**** EXTRACTED DATA ****

lemma sample_law_component_distributed:
  assumes "i < n"
  shows "distributed (sample_law n \<theta>) lborel (\<lambda>y. y i) (normal_density \<theta> 1)"
proof -
  have "distr (sample_law n \<theta>) lborel (\<lambda>y. y i) =
        distr (sample_law n \<theta>) (density lborel (normal_density \<theta> 1)) (\<lambda>y. y i)"
    by (rule distr_cong) auto
  also have "\<dots> = density lborel (normal_density \<theta> 1)"
    unfolding sample_law_def using assms
    by (intro distr_PiM_component prob_space_normal_density) auto
  finally show ?thesis
    using assms unfolding distributed_def sample_law_def by auto
qed

lemma sample_law_indep_components:
  assumes "0 < n"
  shows "prob_space.indep_vars (sample_law n \<theta>) (\<lambda>_. borel) (\<lambda>i y. y i) {..<n}"
proof -
  interpret prob_space "sample_law n \<theta>" by (rule prob_space_sample_law)
  have "indep_vars (\<lambda>_. density lborel (normal_density \<theta> 1)) (\<lambda>i y. y i) {..<n}"
    unfolding sample_law_def using assms
    by (intro indep_vars_PiM_components prob_space_normal_density) auto
  then show ?thesis
    by (rule indep_vars_compose2[where Y="\<lambda>_ x. x", simplified]) simp
qed

lemma sum_sample_law_distributed:
  assumes "0 < n"
  shows "distributed (sample_law n \<theta>) lborel (\<lambda>y. \<Sum>i<n. y i)
           (normal_density (real n * \<theta>) (sqrt (real n)))"
proof -
  interpret prob_space "sample_law n \<theta>" by (rule prob_space_sample_law)
  have "distributed (sample_law n \<theta>) lborel (\<lambda>y. \<Sum>i<n. y i)
          (normal_density (\<Sum>i<n. \<theta>) (sqrt (\<Sum>i<n. 1\<^sup>2)))"
    using assms
    by (intro sum_indep_normal sample_law_indep_components sample_law_component_distributed) auto
  then show ?thesis by simp
qed

lemma standardized_ybar_distributed:
  assumes "0 < n"
  shows "distributed (sample_law n \<theta>) lborel (\<lambda>y. sqrt (real n) * (ybar n y - \<theta>))
           std_normal_density"
proof -
  interpret prob_space "sample_law n \<theta>" by (rule prob_space_sample_law)
  have "sqrt (real n) * (ybar n y - \<theta>) = ((\<Sum>i<n. y i) - real n * \<theta>) / sqrt (real n)" for y
  proof -
    have "real n = sqrt (real n) * sqrt (real n)" by simp
    then show ?thesis
      using assms unfolding ybar_def by (subst (1 3) \<open>real n = _\<close>) (simp add: field_simps)
  qed
  then show ?thesis
    using normal_standard_normal_convert[of "sqrt (real n)" "\<lambda>y. \<Sum>i<n. y i" "real n * \<theta>"]
      sum_sample_law_distributed[OF assms] assms
    by simp
qed

lemma alasso_mult: "0 < c \<Longrightarrow> alasso (c * \<mu>) (c * y) = c * alasso \<mu> y"
  by (cases "y = 0") (auto simp: alasso_def abs_mult power_mult_distrib field_simps power2_eq_square)

lemma cdf_alasso_std_normal:
  assumes Z: "distributed P lborel Z std_normal_density" and "0 \<le> a"
  shows "cdf (distr P borel (\<lambda>\<omega>. alasso a (Z \<omega> + b) - b)) x = Phi (alasso_inv a (x + b) - b)"
proof -
  let ?f = "\<lambda>\<omega>. alasso a (Z \<omega> + b) - b" and ?c = "alasso_inv a (x + b) - b"
  have Z_lborel: "Z \<in> measurable P lborel" and [measurable]: "Z \<in> borel_measurable P"
    using Z by (simp_all add: distributed_def)
  have "?f \<omega> \<le> x \<longleftrightarrow> Z \<omega> \<le> ?c" for \<omega>
    using alasso_le_iff_le_inv[OF \<open>0 \<le> a\<close>, of "Z \<omega> + b" "x + b"] by linarith
  then have preimage: "?f -` {..x} \<inter> space P = Z -` {..?c} \<inter> space P"
    by auto
  have "?f \<in> borel_measurable P"
    unfolding alasso_def by measurable
  then have "cdf (distr P borel ?f) x = measure P (?f -` {..x} \<inter> space P)"
    by (simp add: cdf_def measure_distr)
  also have "\<dots> = measure (distr P lborel Z) {..?c}"
    unfolding preimage using Z_lborel by (simp add: measure_distr)
  also have "\<dots> = Phi ?c"
    using Z by (simp add: distributed_def Phi_def cdf_def)
  finally show ?thesis .
qed

lemma F_A_eq_Phi_alasso_inv:
  assumes "0 < n" "0 \<le> \<mu>"
  shows "F_A n \<mu> \<theta> x =
         Phi (alasso_inv (sqrt (real n) * \<mu>) (x + sqrt (real n) * \<theta>) - sqrt (real n) * \<theta>)"
proof -
  let ?c = "sqrt (real n)"
  have "(\<lambda>y. ?c * (alasso \<mu> (ybar n y) - \<theta>)) =
        (\<lambda>y. alasso (?c * \<mu>) (?c * (ybar n y - \<theta>) + ?c * \<theta>) - ?c * \<theta>)"
    using alasso_mult[of ?c \<mu>] assms by (simp add: algebra_simps)
  then have "F_A n \<mu> \<theta> x = cdf (distr (sample_law n \<theta>) borel
      (\<lambda>y. alasso (?c * \<mu>) (?c * (ybar n y - \<theta>) + ?c * \<theta>) - ?c * \<theta>)) x"
    unfolding F_A_def by (rule arg_cong)
  also have "\<dots> = Phi (alasso_inv (?c * \<mu>) (x + ?c * \<theta>) - ?c * \<theta>)"
    using assms by (intro cdf_alasso_std_normal standardized_ybar_distributed) simp_all
  finally show ?thesis .
qed

lemma null_sets_density_pos_iff:
  assumes "f \<in> borel_measurable M" "\<And>x. 0 < f x" "A \<in> sets M"
  shows "A \<in> null_sets (density M f) \<longleftrightarrow> A \<in> null_sets M"
proof -
  have "A \<in> null_sets (density M f) \<longleftrightarrow> (AE x in M. x \<in> A \<longrightarrow> f x = 0)"
    using assms by (simp add: null_sets_density_iff)
  also have "\<dots> \<longleftrightarrow> (AE x in M. x \<notin> A)"
    using assms(2) by (intro AE_cong) (metis less_irrefl)
  also have "\<dots> \<longleftrightarrow> A \<in> null_sets M"
    using assms(3) by (rule AE_iff_null_sets[symmetric])
  finally show ?thesis .
qed

lemma std_normal_distribution_null_sets_iff:
  "A \<in> sets borel \<Longrightarrow> A \<in> null_sets std_normal_distribution \<longleftrightarrow> A \<in> null_sets lborel"
  using normal_density_pos[of 1 0] by (intro null_sets_density_pos_iff) auto

lemma isCont_Phi: "isCont Phi x"
proof -
  interpret real_distribution std_normal_distribution by (rule real_dist_normal_dist)
  have "{x} \<in> null_sets lborel"
    by (simp add: null_sets_def)
  then have "{x} \<in> null_sets std_normal_distribution"
    by (simp add: std_normal_distribution_null_sets_iff)
  then show ?thesis
    unfolding Phi_def by (simp add: isCont_cdf measure_def null_sets_def)
qed

lemma strict_mono_Phi: "strict_mono Phi"
proof
  fix a b :: real assume "a < b"
  interpret real_distribution std_normal_distribution by (rule real_dist_normal_dist)
  have "{a<..b} \<notin> null_sets lborel"
    using \<open>a < b\<close> by (simp add: null_sets_def)
  then have "{a<..b} \<notin> null_sets std_normal_distribution"
    by (simp add: std_normal_distribution_null_sets_iff)
  then have "0 < measure std_normal_distribution {a<..b}"
    by (simp add: emeasure_eq_measure null_sets_def zero_less_measure_iff)
  moreover have "Phi b = Phi a + measure std_normal_distribution {a<..b}"
    unfolding Phi_def using \<open>a < b\<close> by (simp add: cdf_diff_eq[symmetric])
  ultimately show "Phi a < Phi b" by simp
qed

lemma abs_alasso_inv_le: "\<bar>alasso_inv a t\<bar> \<le> \<bar>t\<bar> + \<bar>a\<bar>"
proof -
  have "sqrt ((t/2)\<^sup>2 + a\<^sup>2) \<le> \<bar>t/2\<bar> + \<bar>a\<bar>"
    by (rule sqrt_sum_squares_le_sum_abs)
  moreover have "0 \<le> sqrt ((t/2)\<^sup>2 + a\<^sup>2)"
    by simp
  ultimately show ?thesis
    unfolding alasso_inv_def by (cases "0 \<le> t") (simp_all add: abs_le_iff)
qed

lemma abs_alasso_inv_diff_le:
  assumes "t \<noteq> 0"
  shows "\<bar>alasso_inv a t - t\<bar> \<le> a\<^sup>2 / \<bar>t\<bar>"
proof -
  define s where "s = sqrt ((t/2)\<^sup>2 + a\<^sup>2)"
  have s: "\<bar>t\<bar>/2 \<le> s"
    unfolding s_def using real_sqrt_ge_abs1[of "t/2" a] by simp
  have "\<bar>alasso_inv a t - t\<bar> = s - \<bar>t\<bar>/2"
    using s unfolding s_def[symmetric] alasso_inv_def by (cases "0 \<le> t") simp_all
  also have "\<dots> = a\<^sup>2 / (s + \<bar>t\<bar>/2)"
  proof -
    have "(s - \<bar>t\<bar>/2) * (s + \<bar>t\<bar>/2) = a\<^sup>2"
      by (simp add: s_def algebra_simps power2_eq_square[symmetric] power_divide)
    moreover have "s + \<bar>t\<bar>/2 \<noteq> 0"
      using s assms by linarith
    ultimately show ?thesis
      by (simp add: nonzero_eq_divide_eq)
  qed
  also have "\<dots> \<le> a\<^sup>2 / \<bar>t\<bar>"
    using s assms by (intro divide_left_mono) auto
  finally show ?thesis .
qed

lemma tendsto_alasso_inv:
  assumes f: "(f \<longlongrightarrow> a) F" and g: "(g \<longlongrightarrow> t) F" and "t \<noteq> 0 \<or> a = 0"
  shows "((\<lambda>x. alasso_inv (f x) (g x)) \<longlongrightarrow> alasso_inv a t) F"
proof -
  consider (pos) "0 < t" | (neg) "t < 0" | (zero) "t = 0" "a = 0"
    using assms(3) by linarith
  then show ?thesis
  proof cases
    case pos
    have "((\<lambda>x. g x/2 + sqrt ((g x/2)\<^sup>2 + (f x)\<^sup>2)) \<longlongrightarrow> alasso_inv a t) F"
      using pos by (auto simp: alasso_inv_def intro!: tendsto_intros f g)
    moreover have "eventually (\<lambda>x. 0 < g x) F"
      using g pos by (rule order_tendstoD)
    then have "eventually (\<lambda>x. g x/2 + sqrt ((g x/2)\<^sup>2 + (f x)\<^sup>2) = alasso_inv (f x) (g x)) F"
      by eventually_elim (simp add: alasso_inv_def)
    ultimately show ?thesis
      by (rule Lim_transform_eventually)
  next
    case neg
    have "((\<lambda>x. g x/2 - sqrt ((g x/2)\<^sup>2 + (f x)\<^sup>2)) \<longlongrightarrow> alasso_inv a t) F"
      using neg by (auto simp: alasso_inv_def intro!: tendsto_intros f g)
    moreover have "eventually (\<lambda>x. g x < 0) F"
      using g neg by (rule order_tendstoD)
    then have "eventually (\<lambda>x. g x/2 - sqrt ((g x/2)\<^sup>2 + (f x)\<^sup>2) = alasso_inv (f x) (g x)) F"
      by eventually_elim (simp add: alasso_inv_def)
    ultimately show ?thesis
      by (rule Lim_transform_eventually)
  next
    case zero
    have "((\<lambda>x. \<bar>g x\<bar> + \<bar>f x\<bar>) \<longlongrightarrow> 0) F"
      using tendsto_add[OF tendsto_rabs[OF g] tendsto_rabs[OF f]] zero by simp
    then have "((\<lambda>x. alasso_inv (f x) (g x)) \<longlongrightarrow> 0) F"
      by (rule Lim_null_comparison[rotated]) (simp add: abs_alasso_inv_le)
    then show ?thesis
      using zero by (simp add: alasso_inv_def)
  qed
qed

lemma tendsto_alasso_inv_diff:
  assumes f: "(f \<longlongrightarrow> a) F" and g: "filterlim g at_infinity F"
  shows "((\<lambda>x. alasso_inv (f x) (g x) - g x) \<longlongrightarrow> 0) F"
proof (rule Lim_null_comparison)
  show "eventually (\<lambda>x. norm (alasso_inv (f x) (g x) - g x) \<le> (f x)\<^sup>2 / \<bar>g x\<bar>) F"
    using filterlim_at_infinity_imp_eventually_ne[OF g, of 0]
    by eventually_elim (simp add: abs_alasso_inv_diff_le)
  have "filterlim (\<lambda>x. \<bar>g x\<bar>) at_infinity F"
    using filterlim_at_top_imp_at_infinity[OF filterlim_at_infinity_imp_norm_at_top[OF g]] by simp
  then show "((\<lambda>x. (f x)\<^sup>2 / \<bar>g x\<bar>) \<longlongrightarrow> 0) F"
    by (rule tendsto_divide_0[OF tendsto_power[OF f]])
qed

lemma filterlim_at_infinity_if_ereal_tendsto_infinity:
  assumes "((\<lambda>x. ereal (f x)) \<longlongrightarrow> \<nu>) F" "\<bar>\<nu>\<bar> = \<infinity>"
  shows "filterlim f at_infinity F"
proof (cases "\<nu> = \<infinity>")
  case True
  then have "filterlim f at_top F"
    using assms(1) ereal_tendsto_simps2(2)[of f F] by (simp add: comp_def)
  then show ?thesis
    by (rule filterlim_at_top_imp_at_infinity)
next
  case False
  then have "filterlim f at_bot F"
    using assms ereal_tendsto_simps2(3)[of f F] by (cases \<nu>) (simp_all add: comp_def)
  then show ?thesis
    by (rule filterlim_mono[OF _ at_bot_le_at_infinity order_refl])
qed

lemma G_lim_eq_Phi_alasso_inv: "G_lim m r x = Phi (alasso_inv m (x + r) - r)"
  unfolding G_lim_def alasso_inv_def by (simp add: add.commute field_simps)

lemma G_lim_real_distribution:
  fixes m r :: real
  assumes "0 \<le> m"
  defines "M \<equiv> distr std_normal_distribution borel (\<lambda>z. alasso m (z + r) - r)"
  shows "real_distribution M" and "cdf M = G_lim m r"
proof -
  interpret prob_space std_normal_distribution
    using real_dist_normal_dist by (simp add: real_distribution_def)
  have "(\<lambda>z. alasso m (z + r) - r) \<in> borel_measurable std_normal_distribution"
    unfolding alasso_def by measurable
  then show "real_distribution M"
    unfolding M_def by simp
  have "distributed std_normal_distribution lborel (\<lambda>z. z) std_normal_density"
    by (simp add: distributed_def distr_id2)
  then show "cdf M = G_lim m r"
    unfolding M_def G_lim_eq_Phi_alasso_inv using assms by (intro ext cdf_alasso_std_normal)
qed

lemma not_isCont_G_lim:
  assumes "0 < m"
  shows "\<not> isCont (G_lim m r) (- r)"
proof
  assume "isCont (G_lim m r) (- r)"
  then have "(G_lim m r \<longlongrightarrow> G_lim m r (- r)) (at_left (- r))"
    by (simp add: isCont_def filterlim_at_split)
  moreover have "eventually (\<lambda>x. x \<in> {- r - 1<..<- r}) (at_left (- r))"
    by (rule eventually_at_left_real) simp
  then have "eventually (\<lambda>x. G_lim m r x \<le> Phi (- m - r)) (at_left (- r))"
  proof eventually_elim
    case (elim x)
    then have "alasso_inv m (x + r) - r \<le> - m - r"
      using alasso_inv_less[of "x + r" m] assms by simp
    then show ?case
      unfolding G_lim_eq_Phi_alasso_inv by (rule monoD[OF strict_mono_mono[OF strict_mono_Phi]])
  qed
  ultimately have "G_lim m r (- r) \<le> Phi (- m - r)"
    by (rule tendsto_upperbound) simp
  moreover have "G_lim m r (- r) = Phi (m - r)"
    using assms by (simp add: G_lim_eq_Phi_alasso_inv alasso_inv_def)
  moreover have "Phi (- m - r) < Phi (m - r)"
    using assms by (intro strict_monoD[OF strict_mono_Phi]) simp
  ultimately show False
    by simp
qed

****

### TASK DIRECTIONS
Filter the material above down to the lines that hold the word "where".

### RESPONSE TO THIS EXERCISE
    by (rule indep_vars_compose2[where Y="\<lambda>_ x. x", simplified]) simp
  define s where "s = sqrt ((t/2)\<^sup>2 + a\<^sup>2)"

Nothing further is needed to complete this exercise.